The goal of the project is to learn a general purpose descriptor for shape recognition. To do this we train discriminative models for shape recognition using convolutional neural networks (CNNs) where view-based shape representations are the only cues.
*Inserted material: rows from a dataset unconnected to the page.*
lemma Hclass_iff: "m \<in> Hclass M e \<longleftrightarrow> m \<in> M \<and> e O m = m \<and> m O e = m \<and> m \<noteq> {}"
proof
  assume "m \<in> Hclass M e"
  then obtain x y x' y' where h: "m \<in> M" "m = e O x" "e = m O y" "m = x' O e" "e = y' O m"
    unfolding Hclass_def greenR_def greenL_def by blast
  have "e O m = m" using h(2) idem by (simp flip: O_assoc)
  moreover have "m O e = m" using h(4) idem by (simp add: O_assoc)
  moreover have "m \<noteq> {}" using h(3) min_rank_elems_nonempty[OF e] by auto
  ultimately show "m \<in> M \<and> e O m = m \<and> m O e = m \<and> m \<noteq> {}" using h by blast
next
  assume h: "m \<in> M \<and> e O m = m \<and> m O e = m \<and> m \<noteq> {}"
  then have "e O m O e \<noteq> {}" by simp
  then obtain y where y: "y \<in> M" "e O m O e O y O e = e" "e O y O e O m O e = e"
    using min_rank_sandwich_inverse[OF e] h by blast
  have "e = m O (y O e)" using y(2) h by (simp flip: O_assoc)
  moreover have "y O e \<in> M" using y idem_in_M relcomp_in_M by auto
  moreover have "m = e O m" "m \<in> M" using h by simp_all
  ultimately have "greenR M m e" unfolding greenR_def by blast
  have "e = (e O y O e) O m" using y(3) h by (simp add: O_assoc)
  moreover have "e O y O e \<in> M" using y idem_in_M relcomp_in_M by auto
  moreover have "m = m O e" "m \<in> M" using h by simp_all
  ultimately have "greenL M m e" unfolding greenL_def by blast
  then show "m \<in> Hclass M e" unfolding Hclass_def using h \<open>greenR M m e\<close> by blast
qed

lemma idem_in_Hclass: "e \<in> Hclass M e"
  using Hclass_iff idem_in_M idem min_rank_elems_nonempty[OF e] by simp

lemma Hclass_left_unit: "m \<in> Hclass M e \<Longrightarrow> e O m = m"
  using Hclass_iff by auto

lemma Hclass_right_unit: "m \<in> Hclass M e \<Longrightarrow> m O e = m"
  using Hclass_iff by auto

lemma Hclass_inverse_ex:
  assumes m: "m \<in> Hclass M e"
  shows "\<exists>n\<in>Hclass M e. m O n = e \<and> n O m = e"
proof -
  have h: "m \<in> M" "e O m = m" "m O e = m" "m \<noteq> {}" using m Hclass_iff by auto
  then have "e O m O e \<noteq> {}" by simp
  then obtain y where y: "y \<in> M" "e O m O e O y O e = e" "e O y O e O m O e = e"
    using min_rank_sandwich_inverse[OF e] h by blast
  define n where "n = e O y O e"
  have mn: "m O n = e" using y(2) h unfolding n_def by (simp flip: O_assoc)
  have nm: "n O m = e" using y(3) h unfolding n_def by (simp add: O_assoc)
  have "n \<in> M" unfolding n_def using y idem_in_M relcomp_in_M by simp
  moreover have "e O n = n" unfolding n_def using idem by (simp flip: O_assoc)
  moreover have "n O e = n" unfolding n_def using idem by (simp add: O_assoc)
  moreover have "n \<noteq> {}" using mn min_rank_elems_nonempty[OF e] by auto
  ultimately have "n \<in> Hclass M e" using Hclass_iff by simp
  then show ?thesis using mn nm by blast
qed

lemma
  assumes m: "m \<in> Hclass M e"
  shows hinv_in_Hclass: "hinv M e m \<in> Hclass M e"
    and relcomp_hinv: "m O hinv M e m = e"
    and hinv_relcomp: "hinv M e m O m = e"
proof -
  obtain n where n: "n \<in> Hclass M e" "m O n = e" "n O m = e" using Hclass_inverse_ex[OF m] by blast
  have "n' = n" if "n' \<in> Hclass M e" "n' O m = e" for n'
  proof -
    have "n' = n' O (m O n)" using that(1) n(2) Hclass_right_unit by simp
    also have "\<dots> = n" using that(2) Hclass_left_unit[OF n(1)] by (simp flip: O_assoc)
    finally show ?thesis .
  qed
  then have "hinv M e m = n" unfolding hinv_def using n by (intro the_equality) blast+
  then show "hinv M e m \<in> Hclass M e" "m O hinv M e m = e" "hinv M e m O m = e" using n by auto
qed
Examples include line-drawings, clip art images where color is removed, or renderings of 3D models where there is little or no texture information present.
If you use any part of the code from this project, please cite:
Multi-view Convolutional Neural Networks for 3D Shape Recognition Hang Su, Subhransu Maji, Evangelos Kalogerakis, Erik Learned-Miller Proceedings of the IEEE International Conference on Computer Vision 2015 (ICCV 2015)
- install dependencies
#!bash
git submodule init
git submodule update
- compile
(1) compile for CPU
#!bash
MEX=<MATLAB_ROOT>/bin/mex matlab -nodisplay -r "setup(true);exit;"
(2) compile for GPU:
#!bash
MEX=<MATLAB_ROOT>/bin/mex matlab -nodisplay -r "setup(true,struct('enableGpu',true));exit;"
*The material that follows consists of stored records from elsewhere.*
(* Let $\alpha\in(0,1)$ and $k\in\mathbb{Z}\setminus\{0\}$, and let $R_{G_{\alpha,k}}$ be the bounded integral operator on $L^2(\mathbb{R}^+)$ with kernel $G_{\alpha,k}$. Then $\mathrm{ran}\,R_{G_{\alpha,k}}\subset L^2(\mathbb{R}^+,\langle x\rangle^{4\alpha}\mathrm{d}x)$.
   Context: $\langle x\rangle=\sqrt{1+x^2}$. $\Phi_{\alpha,k}(x)=\sqrt{\frac{\pi(1+\alpha)}{2|k|}}x^{-\alpha/2}e^{-\frac{|k|}{1+\alpha}x^{1+\alpha}}$, $F_{\alpha,k}(x)=\sqrt{\frac{2(1+\alpha)}{\pi|k|}}x^{-\alpha/2}\sinh\big(\frac{|k|}{1+\alpha}x^{1+\alpha}\big)$ for $x>0$, and $G_{\alpha,k}(r,\rho)=\frac{1}{1+\alpha}\Phi_{\alpha,k}(r)F_{\alpha,k}(\rho)$ if $0<\rho<r$, $G_{\alpha,k}(r,\rho)=\frac{1}{1+\alpha}F_{\alpha,k}(r)\Phi_{\alpha,k}(\rho)$ if $0<r<\rho$. *)

theory Defs
  imports "HOL-Analysis.Analysis"
begin

definition jbr :: "real \<Rightarrow> real" where
  "jbr x = sqrt (1 + x\<^sup>2)"

definition Phi :: "real \<Rightarrow> int \<Rightarrow> real \<Rightarrow> real" where
  "Phi \<alpha> k x = sqrt (pi * (1 + \<alpha>) / (2 * \<bar>real_of_int k\<bar>)) * x powr (-\<alpha>/2)
      * exp (- (\<bar>real_of_int k\<bar> / (1 + \<alpha>)) * x powr (1 + \<alpha>))"

definition Fk :: "real \<Rightarrow> int \<Rightarrow> real \<Rightarrow> real" where
  "Fk \<alpha> k x = sqrt (2 * (1 + \<alpha>) / (pi * \<bar>real_of_int k\<bar>)) * x powr (-\<alpha>/2)
      * sinh ((\<bar>real_of_int k\<bar> / (1 + \<alpha>)) * x powr (1 + \<alpha>))"

text \<open>Green kernel; the diagonal r = \<rho> (a null set) is assigned the second branch.\<close>
definition Gk :: "real \<Rightarrow> int \<Rightarrow> real \<Rightarrow> real \<Rightarrow> real" where
  "Gk \<alpha> k r \<rho> = (if \<rho> < r then Phi \<alpha> k r * Fk \<alpha> k \<rho> / (1 + \<alpha>)
                    else Fk \<alpha> k r * Phi \<alpha> k \<rho> / (1 + \<alpha>))"

definition RG :: "real \<Rightarrow> int \<Rightarrow> (real \<Rightarrow> complex) \<Rightarrow> real \<Rightarrow> complex" where
  "RG \<alpha> k f r = (LINT \<rho>:{0<..}|lborel. complex_of_real (Gk \<alpha> k r \<rho>) * f \<rho>)"

end

theory Submission
  imports Defs
begin

(* A weighted Schur test. Put w(x) = <x>^(2 alpha) and H(x,y) = max(w x, w y) |G(x,y)|, so that
   w(r) |R_G f(r)| <= int H(r,rho) |f(rho)| drho. H is symmetric, so if sup_x int H(x,y) dy = C < oo,
   Cauchy-Schwarz and Fubini bound the L^2 norm of the right-hand side by C ||f||_2.
   For 0 < n <= m, |k| G(m,n) = (m n)^(-alpha/2) exp(-c m^(1+alpha)) sinh(c n^(1+alpha)) with
   c = |k|/(1+alpha), and the row bound comes from three regimes: near the origin H is bounded;
   near the diagonal (n >= m/2) the weight and the prefactor contribute O(x^alpha) while the
   exponentials combine to exp(-(c/2) x^alpha |x - y|), whose integral in y is O(x^(-alpha));
   away from the diagonal (n <= m/2) the decay exp(-c m^(1+alpha)/2) beats the polynomial weight. *)

lemma sinh_le_exp_half: "sinh (t::real) \<le> exp t / 2"
  unfolding sinh_def by (simp add: field_simps)

lemma sinh_le_mult_exp:
  assumes "0 \<le> (t::real)"
  shows "sinh t \<le> t * exp t"
proof -
  have "1 - exp (-2*t) \<le> 2*t"
    using exp_ge_add_one_self[of "-2*t"] by simp
  then have "exp t * (1 - exp (-2*t)) \<le> exp t * (2*t)"
    by (intro mult_left_mono) auto
  moreover have "exp t * exp (-2*t) = exp (-t)"
    by (simp add: exp_add[symmetric])
  ultimately show ?thesis
    unfolding sinh_def by (simp add: algebra_simps)
qed

lemma exp_mult_sinh_le_half_exp: "exp (- a) * sinh b \<le> exp (b - a) / (2::real)"
  using mult_left_mono[OF sinh_le_exp_half[of b], of "exp (- a)"]
  by (simp add: exp_diff exp_minus field_simps)

lemma exp_mult_sinh_le:
  fixes a b :: real
  assumes "0 \<le> b" "b \<le> a"
  shows "exp (- a) * sinh b \<le> b"
proof -
  have "exp (- a) * sinh b \<le> exp (- a) * (b * exp b)"
    by (intro mult_left_mono sinh_le_mult_exp assms) simp
  also have "\<dots> = b * exp (b - a)"
    by (simp add: exp_diff exp_minus field_simps)
  also have "\<dots> \<le> b"
    using assms by (simp add: mult_left_le)
  finally show ?thesis .
qed

lemma borel_measurable_sinh[measurable]: "(sinh :: real \<Rightarrow> real) \<in> borel_measurable borel"
  unfolding sinh_def by measurable

lemma power2_le_4_exp:
  assumes "0 \<le> (x::real)"
  shows "x\<^sup>2 \<le> 4 * exp x"
proof -
  have "x/2 \<le> exp (x/2)"
    using exp_ge_add_one_self[of "x/2"] by linarith
  then have "(x/2)\<^sup>2 \<le> (exp (x/2))\<^sup>2"
    using assms by (intro power_mono) auto
  also have "(exp (x/2))\<^sup>2 = exp x"
    by (simp add: power2_eq_square exp_add[symmetric])
  finally show ?thesis
    by (simp add: power2_eq_square)
qed

lemma power2_mult_exp_le:
  fixes c m :: real
  assumes "0 < c" "0 \<le> m"
  shows "m\<^sup>2 * exp (- (c/2) * m) \<le> 64 / c\<^sup>2 * exp (- (c/4) * m)"
proof -
  have "m\<^sup>2 = 16 / c\<^sup>2 * (c * m / 4)\<^sup>2"
    using assms by (simp add: power_mult_distrib power_divide)
  also have "\<dots> \<le> 16 / c\<^sup>2 * (4 * exp (c * m / 4))"
    using assms by (intro mult_left_mono power2_le_4_exp) auto
  finally have "m\<^sup>2 * exp (- (c/2) * m) \<le> 64 / c\<^sup>2 * exp (c * m / 4) * exp (- (c/2) * m)"
    by (intro mult_right_mono) auto
  also have "\<dots> = 64 / c\<^sup>2 * exp (- (c/4) * m)"
    by (simp add: mult.assoc exp_add[symmetric])
  finally show ?thesis .
qed

lemma powr_mult_diff_le_diff_powr:
  fixes n m \<alpha> :: real
  assumes "0 < \<alpha>" "0 < n" "n \<le> m"
  shows "n powr \<alpha> * (m - n) \<le> m powr (1 + \<alpha>) - n powr (1 + \<alpha>)"
proof -
  have "m * n powr \<alpha> \<le> m * m powr \<alpha>"
    using assms by (intro mult_left_mono powr_mono2) auto
  moreover have "m powr (1 + \<alpha>) = m * m powr \<alpha>" "n powr (1 + \<alpha>) = n * n powr \<alpha>"
    using assms by (auto simp: powr_add)
  ultimately show ?thesis
    by (simp add: algebra_simps)
qed

lemma powr_le_half_powr:
  fixes n m \<alpha> :: real
  assumes "0 < \<alpha>" "0 < n" "n \<le> m / 2"
  shows "n powr (1 + \<alpha>) \<le> m powr (1 + \<alpha>) / 2"
proof -
  have "n powr (1 + \<alpha>) \<le> (m / 2) powr (1 + \<alpha>)"
    using assms by (intro powr_mono2) auto
  also have "\<dots> = m powr (1 + \<alpha>) / 2 powr (1 + \<alpha>)"
    using assms by (simp add: powr_divide)
  also have "\<dots> \<le> m powr (1 + \<alpha>) / 2"
    using assms powr_mono[of 1 "1 + \<alpha>" "2::real"] by (intro divide_left_mono) auto
  finally show ?thesis .
qed

lemma two_powr_le_two:
  assumes "0 \<le> \<beta>" "\<beta> \<le> 1"
  shows "(2::real) powr \<beta> \<le> 2"
  using powr_mono[of \<beta> 1 "2::real"] assms by simp

lemma jbr_ge_1: "1 \<le> jbr x"
  unfolding jbr_def by simp

lemma jbr_mono:
  assumes "0 \<le> x" "x \<le> y"
  shows "jbr x \<le> jbr y"
  unfolding jbr_def using assms by (simp add: power_mono)

lemma jbr_powr_ge_1:
  assumes "0 \<le> \<beta>"
  shows "1 \<le> jbr x powr \<beta>"
  using jbr_ge_1[of x] assms by (simp add: ge_one_powr_ge_zero)

lemma max_jbr_powr:
  assumes "0 \<le> \<beta>" "0 \<le> x" "0 \<le> y"
  shows "max (jbr x powr \<beta>) (jbr y powr \<beta>) = jbr (max x y) powr \<beta>"
proof -
  have mono: "jbr a powr \<beta> \<le> jbr b powr \<beta>" if "0 \<le> a" "a \<le> b" for a b
    using that assms jbr_mono[of a b] jbr_ge_1[of a] by (intro powr_mono2) auto
  show ?thesis
    using assms mono[of x y] mono[of y x] by (auto simp: max_def)
qed

lemma jbr_powr_two_mult: "jbr x powr (2 * \<beta>) = (1 + x\<^sup>2) powr \<beta>"
  unfolding jbr_def by (simp add: powr_half_sqrt[symmetric] powr_powr)

lemma jbr_powr_le_1_plus_power2:
  assumes "\<beta> \<le> 1"
  shows "jbr x powr (2 * \<beta>) \<le> 1 + x\<^sup>2"
proof -
  have "(1 + x\<^sup>2) powr \<beta> \<le> (1 + x\<^sup>2) powr 1"
    using assms by (intro powr_mono) auto
  then show ?thesis
    by (simp add: jbr_powr_two_mult)
qed

lemma jbr_powr_le_2_mult_powr:
  assumes "0 \<le> \<beta>" "\<beta> \<le> 1" "1 \<le> x"
  shows "jbr x powr (2 * \<beta>) \<le> 2 * x powr (2 * \<beta>)"
proof -
  have "jbr x powr (2 * \<beta>) \<le> (2 * x\<^sup>2) powr \<beta>"
    unfolding jbr_powr_two_mult using assms by (intro powr_mono2) auto
  also have "\<dots> = 2 powr \<beta> * x powr (2 * \<beta>)"
    using assms by (simp add: powr_mult powr_powr flip: powr_numeral)
  also have "\<dots> \<le> 2 * x powr (2 * \<beta>)"
    using assms two_powr_le_two by (intro mult_right_mono) auto
  finally show ?thesis .
qed

lemma borel_measurable_jbr[measurable (raw)]:
  assumes [measurable]: "f \<in> borel_measurable M"
  shows "(\<lambda>z. jbr (f z)) \<in> borel_measurable M"
  unfolding jbr_def by measurable

section \<open>Exponential integrals and the Schur test\<close>

lemma nn_integral_exp_neg_halfline:
  fixes \<mu> :: real
  assumes "0 < \<mu>"
  shows "(\<integral>\<^sup>+y. ennreal (indicator {0..} y * exp (- \<mu> * y)) \<partial>lborel) = ennreal (1 / \<mu>)"
  using nn_integral_has_integral_lebesgue[OF _ has_integral_exp_minus_to_infinity[OF assms, of 0]]
  by simp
(3) compile with cuDNN support:
#!bash
MEX=<MATLAB_ROOT>/bin/mex matlab -nodisplay -r "setup(true,struct('enableGpu',true,
'cudaRoot',<CUDA_ROOT>,'cudaMethod','nvcc','enableCudnn',true,'cudnnRoot',<CUDNN_ROOT>));exit;"
(note) You can alternatively run directly the scripts from the Matlab command window e.g. for Windows installations: setup(true,struct('enableGpu',true,'cudaRoot','C:\Program Files\NVIDIA GPU Computing Toolkit\CUDA\v7.0','cudaMethod','nvcc')); You may also need to add Visual Studio's cl.exe in your PATH environment (e.g., C:\Program Files (x86)\Microsoft Visual Studio 12.0\VC\bin\amd64)
- extract descriptor for a shape (off/obj mesh) - the descriptor will be saved in a txt file (bunny_descriptor.txt) [assumes upright orientation]
shape_compute_descriptor('bunny.off');
- extract descriptor for all shapes in a folder (off/obj meshes), the descriptors will be saved in txt files in the same folder [assumes upright orientation]
shape_compute_descriptor('my_mesh_folder/');
- extract descriptor for all shapes in a folder (off/obj meshes), post-process descriptor with learned metric, and use the model that does not assume upright orientation [*-v2 models do not assume upright orientations]
shape_compute_descriptor('my_mesh_folder/', 'cnn_model', 'cnn-modelnet40-v2.mat', 'metric_model', 'metric-relu7-v2.mat','post_process_desriptor_metric',true);
- download datasets for training/evaluation
#!bash
#ModelNet40 (v1 - 12 views w/ upright assumption) (4.8G)
cd data
wget http://maxwell.cs.umass.edu/deep-shape-data/modelnet40-v1.tar
tar xf modelnet40-v1.tar
#ModelNet40 (v2 - 80 views w/o upright assumption) (7.2G)
cd data
wget http://maxwell.cs.umass.edu/deep-shape-data/modelnet40-v2.tar
tar xf modelnet40-v2.tar
#sketch (211M)
cd data
wget http://pegasus.cs.umass.edu/deep-shape-data/sketch160.tar
tar xf sketch160.tar
#clipart (701M)
cd data
wget http://pegasus.cs.umass.edu/deep-shape-data/clipart100.tar
tar xf clipart100.tar
- run experiments in the paper (see run_experiments.m for options and other details)
#!bath
LD_LIBRARY_PATH=<CUDA_ROOT>/lib64:<CUDNN_ROOT> matlab -nodisplay -r "run_experiments;exit;"
LD_LIBRARY_PATH may not be necessary depending on your installation, e.g. whether includes cuDNN support. LD_LIBRARY_PATH may not be necessary depending on your installation, e.g. whether includes cuDNN support.